Node-noop – Implements a noop function - willvarfar
https://github.com/euank/node-noop
======
ddebernardy
Isn't this typical of what you get when you have a language that's easy for
newcomers to pick up?

At one point it was PHP. Then it was Rails. Of late it's been Node. I'm sure
Windows users might have some old VB war stories. (Admittedly, I'm not sure
what to make of the Java StackOverflow tag, seeing that it's _also_ is a
sewers. Presumably school or Android related.)
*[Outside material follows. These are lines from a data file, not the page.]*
lemma exists_risk_below_ls_risk:
  fixes X :: "real^'m^'dx" and Y :: "real^'m"
  assumes not_fit: "Y \<notin> affine_fits X" and inj: "inj (\<lambda>j. column j X)"
    and sp: "sp > 0" and sm: "sm \<ge> 0" and neq: "sp \<noteq> sm"
    and d1: "CARD('d1::finite) \<ge> 2"
  shows "\<exists>q :: ('dx, 'd1) params. risk (leaky sp sm) X Y q < ls_risk X Y"
proof -
  define yh where "yh = closest_point (affine_fits X) Y"
  define r where "r = Y - yh"
  have yh_fit: "yh \<in> affine_fits X"
    unfolding yh_def by (rule closest_point_in_affine_fits)
  have orth: "inner f r = 0" if "f \<in> affine_fits X" for f
    using closest_point_subspace_orthogonal[OF subspace_affine_fits that, of Y]
    by (simp add: r_def yh_def inner_commute)
  have "r \<noteq> 0" using not_fit yh_fit by (auto simp: r_def)
  then have "{j. r$j \<noteq> 0} \<noteq> {}" by (auto simp: vec_eq_iff)
  from exists_affine_unit_isolating_point[OF inj_on_subset[OF inj subset_UNIV] this]
  obtain js u b where js: "r$js \<noteq> 0" "0 < (u v* X)$js + b"
    and iso: "\<And>j. j \<noteq> js \<Longrightarrow> r$j \<noteq> 0 \<Longrightarrow> (u v* X)$j + b < 0"
    by blast
  define z where "z = u v* X + (\<chi> j. b)"
  define g where "g = (\<chi> j. leaky sp sm (z$j))"
  have "z \<in> affine_fits X" by (auto simp: z_def affine_fits_def)
  then have "inner z r = 0" by (rule orth)
  moreover have "r$j = 0 \<or> z$j \<le> 0" if "j \<noteq> js" for j
    using iso[OF that] by (force simp: z_def)
  ultimately have "inner g r = (sp - sm) * z$js * r$js"
    unfolding g_def using sp sm js by (intro inner_leaky_isolating_unit) (auto simp: z_def)
  then have "inner g r \<noteq> 0" using neq js by (simp add: z_def)
  then obtain e where e: "norm (e *\<^sub>R g - r) < norm r"
    using exists_scaleR_closer by blast
  obtain q :: "('dx, 'd1) params"
    where "risk (leaky sp sm) X Y q = (norm (yh + e *\<^sub>R g - Y))\<^sup>2 / 2"
    using exists_params_fit_plus_unit[OF leaky_pos[OF sp sm] _ d1 yh_fit,
        where Y = Y and e = e and u = u and b = b] sp
    by (auto simp: g_def z_def)
  also have "\<dots> < (norm r)\<^sup>2 / 2"
    using e by (simp add: r_def algebra_simps power_strict_mono)
  also have "\<dots> = ls_risk X Y"
    by (simp add: ls_risk_closest_point r_def yh_def)
  finally show ?thesis by blast
qed

theorem theorem1:
  fixes X :: "real^'m^'dx" and Y :: "real^'m"
    and sp sm :: real
  assumes not_linear: "\<not> (\<exists>(w :: real^'dx) (c :: real). Y = w v* X + (\<chi> j. c))"
    and distinct: "inj (\<lambda>j. column j X)"
    and sp: "sp > 0" and sm: "sm \<ge> 0" and neq: "sp \<noteq> sm"
    and d1: "CARD('d1::finite) \<ge> 2"
  shows "infinite {p :: (real^'dx^'d1) \<times> (real^'d1) \<times> (real^'d1) \<times> real.
            is_spurious_local_min (risk (leaky sp sm) X Y) p
            \<and> risk (leaky sp sm) X Y p = ls_risk X Y}"
proof -
  have "Y \<notin> affine_fits X" using not_linear by (auto simp: affine_fits_def)
  then obtain q :: "('dx, 'd1) params" where q: "risk (leaky sp sm) X Y q < ls_risk X Y"
    using exists_risk_below_ls_risk[OF _ distinct sp sm neq d1] by blast
  have "(INF p :: ('dx, 'd1) params. risk (leaky sp sm) X Y p) \<le> risk (leaky sp sm) X Y q"
    by (intro cINF_lower bdd_belowI2[of _ 0]) (auto simp: risk_nonneg)
  with q have "(INF p :: ('dx, 'd1) params. risk (leaky sp sm) X Y p) < ls_risk X Y"
    by linarith
  then have "{p :: ('dx, 'd1) params.
                 is_local_min (risk (leaky sp sm) X Y) p \<and> risk (leaky sp sm) X Y p = ls_risk X Y}
      \<subseteq> {p. is_spurious_local_min (risk (leaky sp sm) X Y) p \<and> risk (leaky sp sm) X Y p = ls_risk X Y}"
    by (auto simp: is_spurious_local_min_def)
  moreover have "infinite {p :: ('dx, 'd1) params.
      is_local_min (risk (leaky sp sm) X Y) p \<and> risk (leaky sp sm) X Y p = ls_risk X Y}"
    using sp by (intro infinite_local_minima_at_ls_risk[of _ sp]) (auto simp: leaky_pos sm)
  ultimately show ?thesis
    using infinite_super by blast
qed

end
Edit: good related reading:

[http://yosefk.com/blog/redundancy-vs-dependencies-which-
is-w...](http://yosefk.com/blog/redundancy-vs-dependencies-which-is-
worse.html)

> Redundancy sucks. Redundancy always means duplicated efforts, and sometimes
> interoperability problems. But dependencies are worse. The only reasonable
> thing to depend on is a full-fledged, real module, not an amorphous bunch of
> code. You can usually look at a problem and guess quite well if its solution
> has good chances to become a real module, with a real owner, with a stable
> interface making all its users happy enough. If these chances are low, pick
> redundancy. And estimate those chances conservatively, too. Redundancy is
> bad, but dependencies can actually paralyze you. I say – kill dependencies
> first.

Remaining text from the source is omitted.